Sanofi said on Friday investment in products to compensate for declining diabetes sales and cost cuts would prevent significant profit growth in the next two years.
Earnings per share will, however, grow faster than sales at constant exchange rates from 2018, by which time it plans to have taken out some €1.5 billion of costs, the French drugmaker said. Sanofi also said ahead of a presentation of its five-year strategic plan to investors in Paris it would raise annual research and development spending to €6 billion at constant exchange rates by 2020.

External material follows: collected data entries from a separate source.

(* Let $d\ge2$ be an integer and $(p_{nm})_{n,m\in\{0,\dots,d-1\}}$ a probability vector with $p_{0m}=0$ for all $m\in\{1,\dots,d-1\}$. Let the initial shared state be $\sum_{n,m}p_{nm}|\Phi^{n,m}\rangle\langle\Phi^{n,m}|$ (fidelity $p_{00}$), let $\mathcal{N}$ be the qudit Pauli channel with probabilities $p_{nm}$, and let $F_N$ be the fidelity $\langle\Phi^{0,0}|\rho_N|\Phi^{0,0}\rangle$ after $N$ successful rounds of the single-carrier protocol without adaptive pre-processing. Then $F_N\to1$ as $N\to\infty$ if and only if $$p_{00}>\max_{n\in\{1,\dots,d-1\}}p_{X=n},\qquad p_{X=n}:=\sum_{m=0}^{d-1}p_{nm}.$$
   Context: $\omega=e^{2\pi i/d}$; on $\mathbb{C}^d$, $X|j\rangle=|(j+1)\bmod d\rangle$, $Z|j\rangle=\omega^j|j\rangle$. Bell states $|\Phi^{n,m}\rangle=\frac1{\sqrt d}\sum_{j=0}^{d-1}\omega^{mj}|j,(j+n)\bmod d\rangle$. The qudit Pauli channel is $\mathcal{N}(\rho)=\sum_{n,m}p_{nm}Z^mX^n\rho X^{-n}Z^{-m}$. Single-carrier round: Alice prepares a carrier $T$ in $|0\rangle$ and applies $|j\rangle_A|k\rangle_T\mapsto|j\rangle_A|(j+k)\bmod d\rangle_T$; the carrier passes through $\mathcal{N}$; Bob applies $|j\rangle_B|k\rangle_T\mapsto|j\rangle_B|(k-j)\bmod d\rangle_T$ and measures $T$ in the computational basis; the round succeeds iff the outcome is $0$, and then the shared state is kept. Successive rounds act on the kept state, each with a fresh carrier through $\mathcal{N}$. *)

theory Defs
  imports Complex_Main
begin

type_synonym idx2 = "nat \<times> nat"
type_synonym idx3 = "nat \<times> nat \<times> nat"

definition omega :: "nat \<Rightarrow> complex" where
  "omega d = cis (2 * pi / real d)"

definition I2 :: "nat \<Rightarrow> idx2 set" where "I2 d = {0..<d} \<times> {0..<d}"
definition I3 :: "nat \<Rightarrow> idx3 set" where "I3 d = {0..<d} \<times> {0..<d} \<times> {0..<d}"

text \<open>Operators on A (x) B (x) T as matrices indexed by basis triples (a,b,t).\<close>
definition mmul3 :: "nat \<Rightarrow> (idx3 \<Rightarrow> idx3 \<Rightarrow> complex) \<Rightarrow> (idx3 \<Rightarrow> idx3 \<Rightarrow> complex) \<Rightarrow> idx3 \<Rightarrow> idx3 \<Rightarrow> complex" where
  "mmul3 d A B = (\<lambda>i j. \<Sum>k\<in>I3 d. A i k * B k j)"

definition adj3 :: "(idx3 \<Rightarrow> idx3 \<Rightarrow> complex) \<Rightarrow> idx3 \<Rightarrow> idx3 \<Rightarrow> complex" where
  "adj3 A = (\<lambda>i j. cnj (A j i))"

definition conj3 :: "nat \<Rightarrow> (idx3 \<Rightarrow> idx3 \<Rightarrow> complex) \<Rightarrow> (idx3 \<Rightarrow> idx3 \<Rightarrow> complex) \<Rightarrow> idx3 \<Rightarrow> idx3 \<Rightarrow> complex" where
  "conj3 d U \<rho> = mmul3 d (mmul3 d U \<rho>) (adj3 U)"

text \<open>Alice: |j>_A |k>_T -> |j>_A |(j+k) mod d>_T.\<close>
definition alice_gate :: "nat \<Rightarrow> idx3 \<Rightarrow> idx3 \<Rightarrow> complex" where
  "alice_gate d = (\<lambda>(a,b,t) (a',b',t'). if a = a' \<and> b = b' \<and> t = (a' + t') mod d then 1 else 0)"

text \<open>Bob: |j>_B |k>_T -> |j>_B |(k-j) mod d>_T  (indices below d).\<close>
definition bob_gate :: "nat \<Rightarrow> idx3 \<Rightarrow> idx3 \<Rightarrow> complex" where
  "bob_gate d = (\<lambda>(a,b,t) (a',b',t'). if a = a' \<and> b = b' \<and> t = (t' + d - b') mod d then 1 else 0)"

text \<open>The operator Z^m X^n acting on the carrier T (identity on A,B).\<close>
definition pauliT :: "nat \<Rightarrow> nat \<Rightarrow> nat \<Rightarrow> idx3 \<Rightarrow> idx3 \<Rightarrow> complex" where
  "pauliT d n m = (\<lambda>(a,b,t) (a',b',t').
     if a = a' \<and> b = b' \<and> t = (t' + n) mod d then omega d ^ (m * t) else 0)"

text \<open>Qudit Pauli channel on T; X^{-n} Z^{-m} is the adjoint of the unitary Z^m X^n.\<close>
definition channelT :: "nat \<Rightarrow> (nat \<Rightarrow> nat \<Rightarrow> real) \<Rightarrow> (idx3 \<Rightarrow> idx3 \<Rightarrow> complex) \<Rightarrow> idx3 \<Rightarrow> idx3 \<Rightarrow> complex" where
  "channelT d p \<rho> = (\<lambda>i j. \<Sum>n<d. \<Sum>m<d. complex_of_real (p n m) * conj3 d (pauliT d n m) \<rho> i j)"

text \<open>rho_AB (x) |0><0|_T\<close>
definition append_carrier :: "(idx2 \<Rightarrow> idx2 \<Rightarrow> complex) \<Rightarrow> idx3 \<Rightarrow> idx3 \<Rightarrow> complex" where
  "append_carrier \<rho> = (\<lambda>(a,b,t) (a',b',t'). if t = 0 \<and> t' = 0 then \<rho> (a,b) (a',b') else 0)"

text \<open>Unnormalised post-measurement AB state for carrier outcome 0: (I (x) <0|) sigma (I (x) |0>).\<close>
definition proj0 :: "(idx3 \<Rightarrow> idx3 \<Rightarrow> complex) \<Rightarrow> idx2 \<Rightarrow> idx2 \<Rightarrow> complex" where
  "proj0 \<sigma> = (\<lambda>(a,b) (a',b'). \<sigma> (a,b,0) (a',b',0))"

definition tr2 :: "nat \<Rightarrow> (idx2 \<Rightarrow> idx2 \<Rightarrow> complex) \<Rightarrow> complex" where
  "tr2 d \<rho> = (\<Sum>i\<in>I2 d. \<rho> i i)"

definition protocol_round :: "nat \<Rightarrow> (nat \<Rightarrow> nat \<Rightarrow> real) \<Rightarrow> (idx2 \<Rightarrow> idx2 \<Rightarrow> complex) \<Rightarrow> idx2 \<Rightarrow> idx2 \<Rightarrow> complex" where
  "protocol_round d p \<rho> =
     (let \<sigma> = proj0 (conj3 d (bob_gate d) (channelT d p (conj3 d (alice_gate d) (append_carrier \<rho>))))
      in (\<lambda>i j. \<sigma> i j / tr2 d \<sigma>))"

text \<open>Bell state |Phi^{n,m}> as a coefficient vector on basis pairs (a,b).\<close>
definition bell :: "nat \<Rightarrow> nat \<Rightarrow> nat \<Rightarrow> idx2 \<Rightarrow> complex" where
  "bell d n m = (\<lambda>(a,b). if a < d \<and> b < d \<and> b = (a + n) mod d
       then omega d ^ (m * a) / complex_of_real (sqrt (real d)) else 0)"

definition bell_mixture :: "nat \<Rightarrow> (nat \<Rightarrow> nat \<Rightarrow> real) \<Rightarrow> idx2 \<Rightarrow> idx2 \<Rightarrow> complex" where
  "bell_mixture d p = (\<lambda>i j. \<Sum>n<d. \<Sum>m<d. complex_of_real (p n m) * bell d n m i * cnj (bell d n m j))"

definition fidelity :: "nat \<Rightarrow> (idx2 \<Rightarrow> idx2 \<Rightarrow> complex) \<Rightarrow> complex" where
  "fidelity d \<rho> = (\<Sum>i\<in>I2 d. \<Sum>j\<in>I2 d. cnj (bell d 0 0 i) * \<rho> i j * bell d 0 0 j)"

definition rho_N :: "nat \<Rightarrow> (nat \<Rightarrow> nat \<Rightarrow> real) \<Rightarrow> nat \<Rightarrow> idx2 \<Rightarrow> idx2 \<Rightarrow> complex" where
  "rho_N d p N = (protocol_round d p ^^ N) (bell_mixture d p)"

end

theory Submission
  imports Defs
begin

text \<open>
A successful round acts entrywise on the two-qudit state in the computational basis.
Tracing the carrier back through Bob's gate, the Pauli error Z^m X^n and Alice's gate,
the entry at (a,b),(a',b') survives only if b - a = b' - a' = n (mod d), and it is then
weighted by p_{nm} times a phase. Hence a round multiplies the diagonal entry at (a,b) by
the marginal p_{X = b - a} and, since p_{0m} = 0 for m > 0, every entry at (a,a),(a',a')
by p_{00}. These two families of entries determine the trace and the fidelity, so after
N rounds F_N = p_{00}^(N+1) / (sum of p_{X=n}^(N+1) over n). Such a share tends to 1
exactly when p_{00} strictly exceeds every other p_{X=n}; otherwise a competitor at least
as large keeps it below 1/2.
\<close>

lemma LIMSEQ_power_share_1_iff:
  fixes x :: "'a \<Rightarrow> real"
  assumes "finite A" "i \<in> A" "A - {i} \<noteq> {}" and nonneg: "\<And>j. j \<in> A \<Longrightarrow> 0 \<le> x j"
  shows "(\<lambda>k. x i ^ k / (\<Sum>j\<in>A. x j ^ k)) \<longlonglongrightarrow> 1 \<longleftrightarrow> (\<forall>j\<in>A - {i}. x j < x i)"
proof
  assume lim: "(\<lambda>k. x i ^ k / (\<Sum>j\<in>A. x j ^ k)) \<longlonglongrightarrow> 1"
  show "\<forall>j\<in>A - {i}. x j < x i"
  proof (rule ccontr)
    assume "\<not> ?thesis"
    then obtain j where j: "j \<in> A" "j \<noteq> i" "x i \<le> x j" by (auto simp: not_less)
    have "x i ^ k / (\<Sum>j\<in>A. x j ^ k) \<le> 1 / 2" for k
    proof -
      have "2 * x i ^ k \<le> x i ^ k + x j ^ k"
        using j nonneg[OF \<open>i \<in> A\<close>] by (simp add: power_mono)
      also have "\<dots> = (\<Sum>l\<in>{i, j}. x l ^ k)"
        using j by simp
      also have "\<dots> \<le> (\<Sum>l\<in>A. x l ^ k)"
        using assms j by (intro sum_mono2) auto
      finally have "2 * x i ^ k \<le> (\<Sum>l\<in>A. x l ^ k)" .
      moreover have "0 \<le> x i ^ k"
        using nonneg[OF \<open>i \<in> A\<close>] by simp
      ultimately show ?thesis
        by (cases "(\<Sum>l\<in>A. x l ^ k) = 0") (simp_all add: divide_le_eq)
    qed
    then have "1 \<le> (1 / 2 :: real)"
      by (intro LIMSEQ_le_const2[OF lim]) auto
    then show False by simp
  qed
next
  assume dom: "\<forall>j\<in>A - {i}. x j < x i"
  then have pos: "0 < x i"
    using assms by (metis Diff_iff all_not_in_conv le_less_trans)
  have "(\<lambda>k. (x j / x i) ^ k) \<longlonglongrightarrow> (if j = i then 1 else 0)" if "j \<in> A" for j
  proof (cases "j = i")
    case False
    then have "norm (x j / x i) < 1" using dom that nonneg pos by simp
    then show ?thesis using False by (simp add: LIMSEQ_power_zero)
  qed (use pos in simp)
  then have "(\<lambda>k. \<Sum>j\<in>A. (x j / x i) ^ k) \<longlonglongrightarrow> (\<Sum>j\<in>A. if j = i then 1 else 0)"
    by (rule tendsto_sum)
  then have "(\<lambda>k. 1 / (\<Sum>j\<in>A. (x j / x i) ^ k)) \<longlonglongrightarrow> 1 / 1"
    using assms by (intro tendsto_divide tendsto_const) simp_all
  moreover have "1 / (\<Sum>j\<in>A. (x j / x i) ^ k) = x i ^ k / (\<Sum>j\<in>A. x j ^ k)" for k
    using pos by (simp add: power_divide sum_divide_distrib[symmetric])
  ultimately show "(\<lambda>k. x i ^ k / (\<Sum>j\<in>A. x j ^ k)) \<longlonglongrightarrow> 1" by simp
qed

lemma mod_less_double: "(n::nat) < 2 * d \<Longrightarrow> n mod d = (if n < d then n else n - d)"
  by (metis le_mod_geq less_diff_conv2 linorder_not_le mod_less mult_2)

lemma eq_add_mod_iff:
  fixes x y t :: nat
  assumes "x < d" "y < d"
  shows "t = (x + y) mod d \<longleftrightarrow> t < d \<and> y = (t + d - x) mod d"
proof (cases "t < d")
  case True
  then show ?thesis
    using assms mod_less_double[of "x + y" d] mod_less_double[of "t + d - x" d] by auto
next
  case False
  then show ?thesis using assms by auto
qed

“As a result of investments in launches, headwinds in diabetes and the phasing of cost savings, Sanofi does not expect to show any meaningful bottom-line growth over 2016-2017,” the company said in a statement.
“Beginning in 2018, however, Sanofi expects to grow business earnings per share faster than sales, reflecting its improved sales mix and the full capture of cost efficiencies.”
Aiming to remain a diversified healthcare company while many competitors such as Switzerland's Roche have chosen to specialise in recent years, Sanofi said the savings would come from a reorganisation, due to be effective next year, as well as from a "reshape" of its plant network.
The firm said growth would be driven by 18 product launches scheduled for the next five years. Among these, six key launches such as Toujeo, a next-generation insulin launched at the end of March in the United States to follow patent-expiring blockbuster Lantus, and anti-cholesterol Praluent, are expected to generate aggregate peak sales of between €12 billion and €14 billion by 2025.